We have cron bots… So yeah, that’s how this is done. And that’s something we extended ourselves with using a thing called Cloud Scheduler, that Google Cloud can provide us. So we kick off that action… But already, Probot uses a thing called Octokit, that gives you access to a ton of different GitHub events. There’s far more than I would have originally thought. It’s definitely something we’re checking out. You can trigger on all sorts of things, and it’s very fine-grained, down to a pull request open, to synchronization, comments, labels…
Wow.
So you can get pretty exact to when you want to take some sort of action and run some script.
Very cool. So what does the future look like for you? Would you still continue to use Probot? Would you use Actions? Would you have a mix?
We started doing this before Actions was around, which is why we made the choices we did. We didn’t have a chance to evaluate Actions. I think if we started today, we would definitely consider Actions… But there are a few constraints - Actions don’t deal very well with long-running tasks, so that can be problematic. It’s also hard if we ever wanted to scale up.
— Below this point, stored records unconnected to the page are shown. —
lemma subdiff_imp_prox_objective_growth:
  fixes g :: "'a::real_inner \<Rightarrow> ereal"
  assumes "\<gamma> > 0" "(1 / \<gamma>) *\<^sub>R (x - p) \<in> subdiff g p"
  shows "prox_objective \<gamma> g x p + ereal ((norm (y - p))\<^sup>2 / (2 * \<gamma>)) \<le> prox_objective \<gamma> g x y"
proof -
  obtain gp where gp: "g p = ereal gp"
    using assms(2) unfolding subdiff_def by (cases "g p") auto
  have subgradient: "g p + ereal (inner ((1 / \<gamma>) *\<^sub>R (x - p)) (y - p)) \<le> g y"
    using assms(2) unfolding subdiff_def by blast
  show ?thesis
  proof (cases "g y")
    case (real gy)
    have "(norm (y - x))\<^sup>2 = (norm (p - x))\<^sup>2 + 2 * inner (p - x) (y - p) + (norm (y - p))\<^sup>2"
      by (simp add: power2_norm_eq_inner inner_simps inner_commute)
    then have "(norm (y - x))\<^sup>2 / (2 * \<gamma>) =
        (norm (p - x))\<^sup>2 / (2 * \<gamma>) + inner (p - x) (y - p) / \<gamma> + (norm (y - p))\<^sup>2 / (2 * \<gamma>)"
      using \<open>\<gamma> > 0\<close> by (simp add: field_simps)
    moreover have "gp - inner (p - x) (y - p) / \<gamma> \<le> gy"
      using subgradient gp real by (simp add: inner_diff_left inner_diff_right diff_divide_distrib)
    ultimately show ?thesis
      using gp real by simp
  qed (use subgradient gp in auto)
qed
lemma D_wbasis_eq_0_large_exponent:
  assumes E: "even_widx p m n t (\<alpha>, u, s)"
    and IH: "\<And>b. even_widx p m n t b \<Longrightarrow> wdeg m b < wdeg m (\<alpha>, u, s) \<Longrightarrow> D (wbasis b) = (\<lambda>_. 0)"
    and i: "i \<in> {1..m}" and lo: "p ^ r \<le> \<alpha> i" and hi: "\<alpha> i \<le> p ^ r + 1"
  shows "D (wbasis (\<alpha>, u, s)) = (\<lambda>_. 0)"
proof -
  define q where "q = p ^ r"
  have q3: "q > 3" and A: "(\<alpha>, u) \<in> Aidx p m n t" "s \<in> {1..m+n}"
    using q_gt_3 E by (auto simp: q_def even_widx_def Widx_iff)
  have "\<alpha> i \<le> p ^ t i - 1" using A(1) i by (simp add: Aidx_iff)
  then have qi: "q \<le> p ^ t i - 1" using lo by (simp add: q_def)
  define G where "G = ((\<lambda>_. 0::nat)(i := q), {}::nat set, i)"
  have G: "even_widx p m n t G"
    using i qi by (simp add: G_def even_widx_def Widx_iff Aidx_iff tau_def)
  have DG: "D (wbasis G) = (\<lambda>_. 0)"
    unfolding G_def q_def using D_wbasis_divided_power_Dvec[OF i qi[unfolded q_def]] .
  define E' where "E' = (\<alpha>(i := \<alpha> i - (q - 1)), u, s)"
  have E': "even_widx p m n t E'"
    using Aidx_lower[OF A(1)] A E by (simp add: E'_def even_widx_def Widx_iff)
  have "wdeg m E = wdeg m E' + int (q - 1)" if "E = (\<alpha>, u, s)" for E
  proof -
    have "(\<alpha>(i := \<alpha> i - (q - 1)))(i := (\<alpha>(i := \<alpha> i - (q - 1))) i + (q - 1)) = \<alpha>"
      using lo q3 by (auto simp: q_def fun_eq_iff)
    then show ?thesis using wdeg_raise[OF i, of "\<alpha>(i := \<alpha> i - (q - 1))" "q - 1" u s] that
      by (simp add: E'_def)
  qed
  then have "wdeg m E' < wdeg m (\<alpha>, u, s)" using q3 by simp
  then have DE': "D (wbasis E') = (\<lambda>_. 0)" using IH[OF E'] by blast
  have "\<alpha> i = q \<or> \<alpha> i = Suc q" using lo hi by (auto simp: q_def)
  then have binom: "of_nat (\<alpha> i choose q) = (1::'a)" "of_nat (\<alpha> i choose (\<alpha> i - (q - 1))) = (0::'a)"
    using of_nat_choose_at_multiple_of_CHAR[OF of_nat_q[folded q_def] two_neq_0] q3 by auto
  have "wbr p m n t (wbasis G) (wbasis E') = (\<lambda>c. (of_nat (\<alpha> i choose q)
      - (if s = i then of_nat (\<alpha> i choose (\<alpha> i - (q - 1))) else 0)) * (wbasis (\<alpha>, u, s) c :: 'a))"
    unfolding G_def E'_def
    by (rule wbr_divided_power_Dvec[OF i E[unfolded even_widx_def, THEN conjunct1]])
      (use lo q3 in \<open>simp_all add: q_def\<close>)
  then have "wbr p m n t (wbasis G) (wbasis E') = (wbasis (\<alpha>, u, s) :: widx \<Rightarrow> 'a)"
    unfolding binom by simp
  then have "D (wbasis (\<alpha>, u, s)) = D (wbr p m n t (wbasis G) (wbasis E'))" by simp
  also have "\<dots> = (\<lambda>_. 0)"
    using D_bracket[OF wbasis_Weven[OF G] wbasis_Weven[OF E']] DG DE' by simp
  finally show ?thesis .
qed
lemma ln_thresholds_le_ln_ln:
  fixes \<beta> D :: real
  assumes \<beta>: "0 < \<beta>" "\<beta> < 1" and D: "4 \<le> D" and K: "real K + 1 \<le> 4 * ln D"
  shows "3 * ln (6 / \<beta>) + ln (12 * (real K + 1) / \<beta>) \<le> 250 * ln (ln D / \<beta>)"
proof -
  define L where "L = ln D"
  define u where "u = - ln \<beta>"
  have "ln (4::real) = 2 * ln 2"
    using ln_mult[of 2 2] by simp
  then have L: "4 / 3 \<le> L"
    unfolding L_def using ln2_ge_two_thirds D ln_le_cancel_iff[of 4 D] by simp
  have lnL: "1 / 4 \<le> ln L"
  proof -
    have "ln (1 / L) \<le> 1 / L - 1"
      using L by (intro ln_le_minus_one) simp
    moreover have "1 / L \<le> 3 / 4"
      using L by (simp add: field_simps)
    ultimately show ?thesis
      using L by (simp add: ln_div)
  qed
  have "0 \<le> u"
    using \<beta> unfolding u_def by simp
  have "ln (6 / \<beta>) = ln 6 + u"
    using \<beta> by (simp add: ln_div u_def)
  moreover have "ln (6::real) \<le> 5"
    using ln_le_minus_one[of 6] by simp
  moreover have "ln (12 * (real K + 1) / \<beta>) \<le> ln (48 * L / \<beta>)"
    using K \<beta> unfolding L_def by (intro ln_mono) (auto simp: divide_right_mono)
  moreover have "ln (48 * L / \<beta>) = ln 48 + ln L + u"
    using \<beta> L by (simp add: ln_div ln_mult u_def)
  moreover have "ln (48::real) \<le> 47"
    using ln_le_minus_one[of 48] by simp
  moreover have "ln (L / \<beta>) = ln L + u"
    using L \<beta> by (simp add: ln_div u_def)
  ultimately show ?thesis
    using lnL \<open>0 \<le> u\<close> unfolding L_def by linarith
qed
lemma Y_cubic_Suc:
  "Y_cubic (Suc n) =
    dconst (1 / (2 * \<i>)) * (Dx (Y_cubic n) + dv (U 0) * (\<Sum>k\<le>n. Y_lin (n - k) * Y_lin k))"
proof -
  have bounded: "a \<le> n \<and> b \<le> n \<and> e \<le> n" if "cubic_coeff n a b e \<noteq> 0" for a b e
    using cubic_coeff_support[OF that] by simp
  have Dx_Y_cubic: "Dx (Y_cubic n) = cubic_form (Suc n) (Dx_coeffs (cubic_coeff n))"
    unfolding Y_cubic_def by (rule Dx_cubic_form) (rule bounded)
  have "cubic_coeff (Suc n) = (\<lambda>a b e. 1 / (2 * \<i>) * Dx_coeffs (cubic_coeff n) a b e +
      (if a = 0 \<and> b + e = n then (1 / (2 * \<i>)) ^ (n + 3) else 0))"
    by (simp add: fun_eq_iff)
  then have "Y_cubic (Suc n) = dconst (1 / (2 * \<i>)) * Dx (Y_cubic n) +
      (\<Sum>k\<le>n. dconst ((1 / (2 * \<i>)) ^ (n + 3)) * cubic 0 (n - k) k)"
    by (simp only: Dx_Y_cubic Y_cubic_def[of "Suc n"] cubic_form_add cubic_form_scale
        cubic_form_diagonal)
  also have "(\<Sum>k\<le>n. dconst ((1 / (2 * \<i>)) ^ (n + 3)) * cubic 0 (n - k) k) =
      dconst (1 / (2 * \<i>)) * (dv (U 0) * (\<Sum>k\<le>n. Y_lin (n - k) * Y_lin k))"
    unfolding sum_distrib_left U0_mult_Y_lin_mult_Y_lin by (intro sum.cong) simp_all
  finally show ?thesis
    by (simp add: distrib_left)
qed

lemma deg_ge_Y_lin: "deg_ge 1 (Y_lin n)"
  unfolding Y_lin_def by (intro deg_ge_dconst_mult deg_ge_dv)

lemma deg_ge_Y: "deg_ge 1 (Y n)"
proof (induction n)
  case 0
  show ?case
    unfolding Y.simps by (intro deg_ge_dconst_mult deg_ge_dv)
next
  case (Suc n)
  have "deg_ge (1 + 0) (dv (U 0) * (\<Sum>k\<le>n. Y (n - k) * Y k))"
    by (intro deg_ge_mult deg_ge_dv) (simp add: deg_ge_def)
  with Suc.IH show ?case
    by (simp add: deg_ge_dconst_mult deg_ge_add deg_ge_Dx)
qed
[39:44] So we used a thing called Google Cloud Functions, which ultimately takes a small bit of Node.js (or a few other languages; in our case it’s Node) and executes it for us on an event hook. It starts up a service when we need it, and shuts it down, so it costs us very little money… And we could adapt that into Docker containers fairly straightforward, and then maybe eventually we need a Kubernetes cluster… Who knows.
We’ve also extended to have some security measures. We store none of the secrets in the functions themselves; they’re all stored in the key management service - also a thing that Google Cloud provides - and allows us to be a little more secure, a little more confident. It’s also a lot easier for us to rotate our secrets… So from a convenience standpoint it’s pretty good for us.
Nice. Jason, what does the future of Probot look like? Will it have maybe some kind of integration with Actions, or some way of sharing the capabilities between the two? How does that look?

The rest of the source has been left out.